Pull every line with "subst" from the data below and copy it.

Source material below:

lemma fixpoints_below_threshold:
  assumes "0 \<le> p" "1 < (1-p) * majority_ratio_max m"
  shows "fixpoints p k = {0, phi_minus p k, phi_plus p k}"
    and "0 < phi_minus p k" "phi_minus p k < phi_plus p k" "phi_plus p k \<le> 1"
    and "\<And>x. 0 < x \<Longrightarrow> x < phi_minus p k \<Longrightarrow> F p k x < x"
    and "\<And>x. phi_minus p k < x \<Longrightarrow> x < phi_plus p k \<Longrightarrow> x < F p k x"
proof -
  have p: "p < 1"
    using p_less_1_if_threshold_ge_1 assms by simp
  have "1 / (1-p) < majority_ratio_max m"
    using assms p by (simp add: field_simps)
  moreover have "1 \<le> 1 / (1-p)"
    using assms p by simp
  ultimately obtain y1 y2 where y: "0 < y1" "y1 < y2" "y2 \<le> 1"
    and level: "{y \<in> {0<..1}. majority_ratio m y = 1 / (1-p)} = {y1, y2}"
    and below: "\<And>y. 0 < y \<Longrightarrow> y < y1 \<Longrightarrow> majority_ratio m y < 1 / (1-p)"
    and above: "\<And>y. y1 < y \<Longrightarrow> y < y2 \<Longrightarrow> 1 / (1-p) < majority_ratio m y"
    using majority_ratio_level_set[OF m_ge_2] by blast
  have fix_nonzero: "fixpoints p k - {0} = {y1 / (1-p), y2 / (1-p)}"
    using nonzero_fixpoints[of p] assms p level by simp
  have lt: "0 < y1 / (1-p)" "y1 / (1-p) < y2 / (1-p)"
    using y p by (simp_all add: divide_strict_right_mono)
  have "fixpoints p k = {0, y1 / (1-p), y2 / (1-p)}"
    using fix_nonzero zero_in_fixpoints[of p] assms p by auto
  moreover have phi_minus_eq: "phi_minus p k = y1 / (1-p)"
    unfolding phi_minus_def fix_nonzero using lt by simp
  moreover have phi_plus_eq: "phi_plus p k = y2 / (1-p)"
    unfolding phi_plus_def using calculation lt by (simp add: max_def)
  ultimately show fixpoints_eq: "fixpoints p k = {0, phi_minus p k, phi_plus p k}"
    and "0 < phi_minus p k" "phi_minus p k < phi_plus p k"
    using lt by simp_all
  show le_1: "phi_plus p k \<le> 1"
    using fixpoints_eq unfolding fixpoints_def by auto
  show "F p k x < x" if x: "0 < x" "x < phi_minus p k" for x
  proof -
    have "(1-p)*x < y1"
      using x p unfolding phi_minus_eq by (simp add: pos_less_divide_eq mult.commute)
    then show ?thesis
      using F_less_self_iff[of p x] below[of "(1-p)*x"] x p assms le_1 \<open>phi_minus p k < phi_plus p k\<close>
      by simp
  qed
  show "x < F p k x" if x: "phi_minus p k < x" "x < phi_plus p k" for x
  proof -
    have "y1 < (1-p)*x" "(1-p)*x < y2"
      using x p unfolding phi_minus_eq phi_plus_eq
      by (simp_all add: pos_less_divide_eq pos_divide_less_eq mult.commute)
    then show ?thesis
      using F_greater_self_iff[of p x] above[of "(1-p)*x"] x p assms le_1 \<open>0 < phi_minus p k\<close>
      by simp
  qed
qed

lemma p_star_eq: "p_star k = 1 - 1 / majority_ratio_max m"
proof -
  define H where "H = majority_ratio_max m"
  have H: "9/8 \<le> H" "H < 2"
    unfolding H_def using majority_ratio_max_ge majority_ratio_max_less_2 m_ge_2 by auto
  define ps where "ps = 1 - 1 / H"
  have ps: "1/9 \<le> ps" "ps < 1/2"
    unfolding ps_def using H by (auto simp: field_simps)
  have below: "card (fixpoints p k) = 3" if "0 \<le> p" "p < ps" for p
  proof -
    have "1 < (1-p) * H"
      using that H unfolding ps_def by (auto simp: field_simps)
    then show ?thesis
      using fixpoints_below_threshold[OF \<open>0 \<le> p\<close>] unfolding H_def by simp
  qed
  have above: "fixpoints p k = {0}" if "ps < p" "p \<le> 1" for p
  proof -
    have "(1-p) * H < 1"
      using that H unfolding ps_def by (auto simp: field_simps)
    then show ?thesis
      using fixpoints_above_threshold that ps unfolding H_def by simp
  qed
  have at: "card (fixpoints ps k) = 2"
  proof -
    have "(1-ps) * H = 1"
      using H unfolding ps_def by simp
    then show ?thesis
      using fixpoints_at_threshold ps unfolding H_def by simp
  qed
  have "p_star k = ps"
    unfolding p_star_def
  proof (rule the_equality)
    show "ps \<in> {1/9..<1/2} \<and> (\<forall>p. 0 \<le> p \<and> p < ps \<longrightarrow> card (fixpoints p k) = 3) \<and>
        card (fixpoints ps k) = 2 \<and> (\<forall>p. ps < p \<and> p \<le> 1 \<longrightarrow> fixpoints p k = {0})"
      using ps below above at by auto
  next
    fix ps' assume ps': "ps' \<in> {1/9..<1/2} \<and> (\<forall>p. 0 \<le> p \<and> p < ps' \<longrightarrow> card (fixpoints p k) = 3) \<and>
        card (fixpoints ps' k) = 2 \<and> (\<forall>p. ps' < p \<and> p \<le> 1 \<longrightarrow> fixpoints p k = {0})"
    show "ps' = ps"
    proof (rule linorder_cases[of ps' ps])
      assume "ps' < ps"
      then show ?thesis using below[of ps'] ps' by simp
    next
      assume "ps < ps'"
      then show ?thesis using above[of ps'] ps' by simp
    qed
  qed
  then show ?thesis
    unfolding ps_def H_def .
qed

lemma F_iterates_converge:
  assumes "0 \<le> p" "p \<le> 1" "0 \<le> q" "q \<le> 1"
  obtains L where "(\<lambda>t. (F p k ^^ t) q) \<longlonglongrightarrow> L" "L \<in> fixpoints p k"
    "F p k q \<le> q \<Longrightarrow> L \<le> q" "q < F p k q \<Longrightarrow> q \<le> L"
proof -
  have "continuous_on {0..1} (F p k)" "mono_on {0..1} (F p k)" "q \<in> {0..1}"
    using F_continuous_on F_mono_on assms by auto
  from iterates_mono_on_converge[OF this(1,2) F_self_map this(3)] show ?thesis
    using that unfolding fixpoints_def by blast
qed

lemma less_p_star_iff: "p < p_star k \<longleftrightarrow> 1 < (1-p) * majority_ratio_max m"
  using majority_ratio_max_ge[OF m_ge_2] by (simp add: p_star_eq field_simps)

lemma greater_p_star_iff: "p_star k < p \<longleftrightarrow> (1-p) * majority_ratio_max m < 1"
  using majority_ratio_max_ge[OF m_ge_2] by (simp add: p_star_eq field_simps)

lemma F_iterates_tendsto_above_threshold:
  assumes "p_star k < p" "p \<le> 1" "0 \<le> q" "q \<le> 1"
  shows "(\<lambda>t. (F p k ^^ t) q) \<longlonglongrightarrow> 0"
proof -
  have "0 \<le> p"
    using assms(1) less_p_star_iff[of 0] majority_ratio_max_ge[OF m_ge_2] by simp
  moreover have "fixpoints p k = {0}"
    using fixpoints_above_threshold calculation assms greater_p_star_iff by simp
  ultimately show ?thesis
    using F_iterates_converge[of p q] assms by (metis singletonD)
qed

lemma F_iterates_tendsto_phi_plus:
  assumes "0 \<le> p" "p < p_star k" "phi_minus p k < q" "q \<le> 1"
  shows "(\<lambda>t. (F p k ^^ t) q) \<longlonglongrightarrow> phi_plus p k"
proof -
  have threshold: "1 < (1-p) * majority_ratio_max m"
    using assms less_p_star_iff by simp
  then have "p \<le> 1"
    using p_less_1_if_threshold_ge_1[of p] by simp
  note fp = fixpoints_below_threshold[OF \<open>0 \<le> p\<close> threshold]
  have q: "q \<in> {0..1}"
    using assms fp(2) by simp
  obtain L where L: "(\<lambda>t. (F p k ^^ t) q) \<longlonglongrightarrow> L" "L \<in> {0, phi_minus p k, phi_plus p k}"
    and L_ge: "q < F p k q \<Longrightarrow> q \<le> L"
    using F_iterates_converge[of p q] \<open>0 \<le> p\<close> \<open>p \<le> 1\<close> q fp(1) by (metis atLeastAtMost_iff)
  show ?thesis
  proof (cases "phi_plus p k \<le> q")
    case True
    have "phi_plus p k \<in> {0..1}" "F p k (phi_plus p k) = phi_plus p k"
      using fp(1) unfolding fixpoints_def by auto
    then have "phi_plus p k \<le> (F p k ^^ t) q" for t
      using iterates_mono_on_le_fixpoint(2)[OF F_mono_on F_self_map _ _ q] True \<open>0 \<le> p\<close> \<open>p \<le> 1\<close>
      by blast
    then have "phi_plus p k \<le> L"
      using LIMSEQ_le_const[OF L(1)] by blast
    then show ?thesis
      using L fp(2,3) by auto
  next
    case False
    then have "q \<le> L"
      using L_ge fp(6)[of q] assms by simp
    then show ?thesis
      using L fp(2) assms by auto
  qed
qed

lemma F_iterates_tendsto_0_below_phi_minus:
  assumes "0 \<le> p" "p < p_star k" "0 \<le> q" "q < phi_minus p k"
  shows "(\<lambda>t. (F p k ^^ t) q) \<longlonglongrightarrow> 0"
proof -
  have threshold: "1 < (1-p) * majority_ratio_max m"
    using assms less_p_star_iff by simp
  then have "p \<le> 1"
    using p_less_1_if_threshold_ge_1[of p] by simp
  note fp = fixpoints_below_threshold[OF \<open>0 \<le> p\<close> threshold]
  have "q \<le> 1"
    using assms fp(3,4) by simp
  have "F p k q \<le> q"
    using fp(5)[of q] assms F_0[OF \<open>0 \<le> p\<close> \<open>p \<le> 1\<close>] by (cases "q = 0") auto
  then obtain L where L: "(\<lambda>t. (F p k ^^ t) q) \<longlonglongrightarrow> L" "L \<in> {0, phi_minus p k, phi_plus p k}" "L \<le> q"
    using F_iterates_converge[of p q] \<open>0 \<le> p\<close> \<open>p \<le> 1\<close> \<open>q \<le> 1\<close> assms(3) fp(1) by metis
  then show ?thesis
    using fp(3) assms by auto
qed
(* Let $\Phi\in\mathcal{C}^2(\mathbb{R}^d)$ have compact sublevel sets. Given $t>0$ and $K>0$ there exist constants $\alpha,\delta_X,\delta_V>0$ such that every solution $f$ of \[\partial_tf+v\cdot\nabla_xf-\nabla_x\Phi(x)\cdot\nabla_vf=\Big(\int_{\mathbb{R}^d}f(t,x,u)\,\mathrm{d}u\Big)\mathcal{M}(v)-f\] with initial datum $f_0\in\mathcal{P}(\mathbb{R}^d\times\mathbb{R}^d)$ supported in $B(0,K)\times B(0,K)$ satisfies \[f(t,x,v)\ge\alpha\,\mathbb{1}_{\{|x|<\delta_X\}}\mathbb{1}_{\{|v|<\delta_V\}}\] in the sense of measures.
   Context: $\mathcal{M}(v)=(2\pi)^{-d/2}e^{-|v|^2/2}$; solutions are measure-valued solutions given by the associated Markov semigroup; the right-hand side is $\alpha$ times Lebesgue measure on $\{|x|<\delta_X\}\times\{|v|<\delta_V\}$. *)

theory Defs
  imports "HOL-Analysis.Analysis" "HOL-Probability.Probability"
begin

type_synonym 'n state = "(real^'n) \<times> (real^'n)"

definition C2 :: "(real^'n \<Rightarrow> real) \<Rightarrow> bool" where
  "C2 \<Phi> \<longleftrightarrow> (\<exists>G H. (\<forall>x. (\<Phi> has_derivative (\<lambda>h. G x \<bullet> h)) (at x))
      \<and> (\<forall>x. (G has_derivative blinfun_apply (H x)) (at x))
      \<and> continuous_on UNIV (H :: (real^'n) \<Rightarrow> ((real^'n) \<Rightarrow>\<^sub>L (real^'n))))"

definition grad :: "(real^'n \<Rightarrow> real) \<Rightarrow> real^'n \<Rightarrow> real^'n" where
  "grad \<Phi> x = (THE g. (\<Phi> has_derivative (\<lambda>h. g \<bullet> h)) (at x))"

definition ham_flow :: "(real^'n \<Rightarrow> real) \<Rightarrow> (real \<Rightarrow> 'n state \<Rightarrow> 'n state) \<Rightarrow> bool" where
  "ham_flow \<Phi> F \<longleftrightarrow> (\<forall>z. F 0 z = z \<and>
      (\<forall>t. ((\<lambda>s. fst (F s z)) has_vector_derivative snd (F t z)) (at t)
         \<and> ((\<lambda>s. snd (F s z)) has_vector_derivative - grad \<Phi> (fst (F t z))) (at t)))"
lemma dd_mult:
  "dd_differentiable v f p \<Longrightarrow> dd_differentiable v g p \<Longrightarrow>
     dd v (\<lambda>q. f q * g q) p = f p * dd v g p + dd v f p * g p"
  by (rule dd_eqI) (rule DERIV_mult'[THEN DERIV_cong], (rule dd_has_real_derivative, assumption)+, simp)

lemma dd_differentiable_mult:
  "dd_differentiable v f p \<Longrightarrow> dd_differentiable v g p \<Longrightarrow> dd_differentiable v (\<lambda>q. f q * g q) p"
  by (rule dd_differentiableI) (rule DERIV_mult'; rule dd_has_real_derivative; assumption)

lemma dd_inverse:
  "dd_differentiable v f p \<Longrightarrow> f p \<noteq> 0 \<Longrightarrow> dd v (\<lambda>q. 1 / f q) p = - dd v f p / (f p)\<^sup>2"
  by (rule dd_eqI) (rule DERIV_divide[OF DERIV_const dd_has_real_derivative, THEN DERIV_cong],
      auto simp: power2_eq_square)

lemma dd_differentiable_inverse:
  "dd_differentiable v f p \<Longrightarrow> f p \<noteq> 0 \<Longrightarrow> dd_differentiable v (\<lambda>q. 1 / f q) p"
  by (rule dd_differentiableI) (rule DERIV_divide[OF DERIV_const dd_has_real_derivative], auto)

lemma eventually_line_in_open:
  fixes p v :: "'a::real_normed_vector"
  assumes "open U" "p \<in> U"
  shows "eventually (\<lambda>t. p + t *\<^sub>R v \<in> U) (nhds (0::real))"
proof -
  have "((\<lambda>t::real. p + t *\<^sub>R v) \<longlongrightarrow> p + 0 *\<^sub>R v) (nhds 0)"
    by (intro tendsto_intros tendsto_ident_at[of 0 UNIV, unfolded at_within_open[OF _ open_UNIV]]
        filterlim_ident)
  thus ?thesis using assms by (simp add: topological_tendstoD)
qed

lemma dd_cong_open:
  assumes "open U" "p \<in> U" "\<forall>q\<in>U. f q = g q"
  shows "dd v f p = dd v g p"
  unfolding dd_def
  by (rule deriv_cong_ev[OF _ refl])
     (use eventually_line_in_open[OF assms(1,2), of v] assms(3) in \<open>auto elim: eventually_mono\<close>)

lemma dd_differentiable_cong_open:
  assumes "open U" "p \<in> U" "\<forall>q\<in>U. f q = g q" "dd_differentiable v f p"
  shows "dd_differentiable v g p"
proof -
  have "((\<lambda>t. g (p + t *\<^sub>R v)) has_real_derivative dd v f p) (at 0)"
    using dd_has_real_derivative[OF assms(4)]
    by (subst DERIV_cong_ev[OF refl _ refl])
       (use eventually_line_in_open[OF assms(1,2), of v] assms(3) in \<open>auto elim: eventually_mono\<close>)
  thus ?thesis by (rule dd_differentiableI)
qed
(* Let $c>0$, $f_s>0$, let $M,N,K\ge1$ be integers, $T_{\max}=(N-1)/f_s$, $\bm{r}^{\mathrm{mic}}_1,\dots,\bm{r}^{\mathrm{mic}}_M\in\mathbb{R}^3$ with $E_M=\{\bm{r}^{\mathrm{mic}}_m\}$, $\bm{x}\in\mathbb{R}^{MN}$. Let $\kappa$ be continuous with $\kappa(0)>0$ and $\lim_{|t|\to\infty}\kappa(t)=0$, and assume $\Gamma^K$ is amplitude lower-bounded. Let $(\bm{a}^l,\bm{r}^l)_{l}$ be a minimizing sequence in $\mathbb{R}_+^K\times\mathscr{C}^K$ for $\inf_{\mathbb{R}_+^K\times\mathscr{C}^K}T$, where $T(\bm{a},\bm{r})=\frac12\|\bm{x}-\sum_{k=1}^K a_k\gamma(\bm{r}_k)\|_2^2$. Then, up to extracting a subsequence, for each $k\in\{1,\dots,K\}$ one of the following holds: (i) there exist $\bm{r}_k\in\mathscr{C}$ and $a_k\in\mathbb{R}_+$ with $\bm{r}^l_k\to\bm{r}_k$ and $a^l_k\to a_k$ as $l\to\infty$; (ii) there exist $m_k\in\{1,\dots,M\}$ and $\widetilde a_k\in\mathbb{R}_+$ with $\bm{r}^l_k\to\bm{r}^{\mathrm{mic}}_{m_k}$, $a^l_k\to0$, and $\dfrac{a^l_k}{4\pi\|\bm{r}^l_k-\bm{r}^{\mathrm{mic}}_{m_k}\|_2}\to\widetilde a_k$ as $l\to\infty$.
   Context: $\mathbb{R}_+=[0,+\infty)$, $\|\cdot\|_2$ Euclidean norm, $\bm{x}=(x_{m,n})_{1\le m\le M,0\le n\le N-1}$. For $\bm{r}\in\mathbb{R}^3\setminus E_M$, $\gamma_{m,n}(\bm{r})=\dfrac{\kappa\big(n/f_s-\|\bm{r}-\bm{r}^{\mathrm{mic}}_m\|_2/c\big)}{4\pi\|\bm{r}-\bm{r}^{\mathrm{mic}}_m\|_2}$. $\mathscr{C}=\bigcap_{m=1}^M\overline{B(\bm{r}^{\mathrm{mic}}_m,cT_{\max})}\setminus E_M$. $\Gamma^K(\bm{a},\bm{r})=\sum_k a_k\gamma(\bm{r}_k)$; it is amplitude lower-bounded if there is $C>0$ with $\|\Gamma^K(\bm{a},\bm{r})\|_2\ge C\sum_k a_k$ for all $(\bm{a},\bm{r})\in\mathbb{R}_+^K\times\mathscr{C}^K$. *)

theory Defs
  imports "HOL-Analysis.Analysis"
begin

(* Signals in R^{MN} are represented as functions nat => nat => real,
   indexed by m in {1..M} (microphone) and n in {0..N-1} (sample). *)

definition sig_norm :: "nat \<Rightarrow> nat \<Rightarrow> (nat \<Rightarrow> nat \<Rightarrow> real) \<Rightarrow> real" where
  "sig_norm M N v = sqrt (\<Sum>m\<in>{1..M}. \<Sum>n\<in>{0..<N}. (v m n)\<^sup>2)"
text \<open>Continuity of D in x, by dominated convergence with the Gaussian majorant.\<close>
lemma kernel_xent_continuous:
  assumes "anchored q \<rho>" "q > 0"
  shows "isCont (kernel_xent \<rho>) x"
proof (rule continuous_at_sequentiallyI)
  fix u assume u: "u \<longlonglongrightarrow> x"
  then obtain R where R: "\<And>n. \<bar>u n\<bar> \<le> R"
    using convergent_imp_Bseq[OF convergentI[OF u]] by (auto simp: Bseq_def)
  have "prob_space \<rho>" "sets \<rho> = sets borel" using assms unfolding anchored_def by auto
  note [measurable] = surprisal_measurable[OF this]
  define w where "w y = exp (R^2/2) * sqrt 2 * (\<bar>surprisal_const q\<bar> * normal_density 0 (sqrt 2) y
                          + (1/2) * (normal_density 0 (sqrt 2) y * (y - 0)^2))" for y
  have w_int: "integrable lborel w" unfolding w_def
    by (intro integrable_mult_right Bochner_Integration.integrable_add integrable_normal_moment
        integrable_normal_density) auto
  have dominated: "norm (phi (y - u n) * surprisal \<rho> y) \<le> w y" for n y
  proof -
    have L: "0 \<le> surprisal \<rho> y" "surprisal \<rho> y \<le> \<bar>surprisal_const q\<bar> + y^2/2"
      using surprisal_nonneg[OF assms] surprisal_le[OF assms, of y] by auto
    have p: "0 \<le> phi (y - u n)" "phi (y - u n) \<le> exp (R^2/2) * (sqrt 2 * normal_density 0 (sqrt 2) y)"
      using phi_pos phi_shift_majorant[OF R[of n]] by (auto simp: less_imp_le)
    have "norm (phi (y - u n) * surprisal \<rho> y)
            \<le> (exp (R^2/2) * (sqrt 2 * normal_density 0 (sqrt 2) y)) * (\<bar>surprisal_const q\<bar> + y^2/2)"
      using L p by (simp add: mult_mono)
    also have "\<dots> = w y" unfolding w_def by (simp add: algebra_simps)
    finally show ?thesis .
  qed
  have pointwise: "(\<lambda>n. phi (y - u n) * surprisal \<rho> y) \<longlonglongrightarrow> phi (y - x) * surprisal \<rho> y" for y
    by (intro tendsto_intros isCont_tendsto_compose[OF continuous_phi] u)
  show "(\<lambda>n. kernel_xent \<rho> (u n)) \<longlonglongrightarrow> kernel_xent \<rho> x"
    unfolding kernel_xent_def
    by (rule integral_dominated_convergence[OF _ _ w_int]) (use dominated pointwise in auto)
qed


section \<open>The output cross-entropy J(mu, rho)\<close>

definition output_xent :: "real measure \<Rightarrow> real measure \<Rightarrow> ennreal" where
  "output_xent \<mu> \<rho> = (\<integral>\<^sup>+y. ennreal (pY \<mu> y * surprisal \<rho> y) \<partial>lborel)"

lemma nn_integral_kernel_xent:
  assumes "prob_space \<mu>" "sets \<mu> = sets borel" "anchored q \<rho>" "q > 0"
  shows "(\<integral>\<^sup>+x. ennreal (kernel_xent \<rho> x) \<partial>\<mu>) = output_xent \<mu> \<rho>"
proof -
  interpret prob_space \<mu> by fact
  interpret pair_sigma_finite \<mu> lborel ..
  have "prob_space \<rho>" "sets \<rho> = sets borel" using assms unfolding anchored_def by auto
  note [measurable] = surprisal_measurable[OF this]
  have m: "(\<lambda>(x,y). ennreal (phi (y - x) * surprisal \<rho> y)) \<in> borel_measurable (\<mu> \<Otimes>\<^sub>M lborel)"
    by (subst measurable_cong_sets[OF sets_pair_measure_cong[OF assms(2) sets_lborel] refl]) measurable
  have inner: "(\<integral>\<^sup>+x. ennreal (phi (y - x) * surprisal \<rho> y) \<partial>\<mu>) = ennreal (pY \<mu> y * surprisal \<rho> y)" for y
  proof -
    have "(\<integral>\<^sup>+x. ennreal (phi (y - x) * surprisal \<rho> y) \<partial>\<mu>)
            = (\<integral>\<^sup>+x. ennreal (phi (y - x)) * ennreal (surprisal \<rho> y) \<partial>\<mu>)"
      using surprisal_nonneg[OF assms(3,4)] phi_pos
      by (intro nn_integral_cong) (simp add: ennreal_mult less_imp_le)
    also have "\<dots> = (\<integral>\<^sup>+x. ennreal (phi (y - x)) \<partial>\<mu>) * ennreal (surprisal \<rho> y)"
      by (rule nn_integral_multc) (use assms(2) in \<open>simp cong: measurable_cong_sets\<close>)
    also have "\<dots> = ennreal (pY \<mu> y * surprisal \<rho> y)"
      using pY_nn_integral[OF assms(1,2)] surprisal_nonneg[OF assms(3,4)]
      by (simp add: ennreal_mult pY_def integral_nonneg_AE less_imp_le phi_pos)
    finally show ?thesis .
  qed
  have "(\<integral>\<^sup>+x. ennreal (kernel_xent \<rho> x) \<partial>\<mu>)
          = (\<integral>\<^sup>+x. \<integral>\<^sup>+y. ennreal (phi (y - x) * surprisal \<rho> y) \<partial>lborel \<partial>\<mu>)"
    using kernel_xent_nn_integral[OF assms(3,4)] by simp
  also have "\<dots> = (\<integral>\<^sup>+y. \<integral>\<^sup>+x. ennreal (phi (y - x) * surprisal \<rho> y) \<partial>\<mu> \<partial>lborel)"
    by (rule Fubini'[OF m, symmetric])
  finally show ?thesis unfolding output_xent_def inner .
qed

End of Source material.

> [Your solution]
    by (subst DERIV_cong_ev[OF refl _ refl])
    by (subst measurable_cong_sets[OF sets_pair_measure_cong[OF assms(2) sets_lborel] refl]) measurable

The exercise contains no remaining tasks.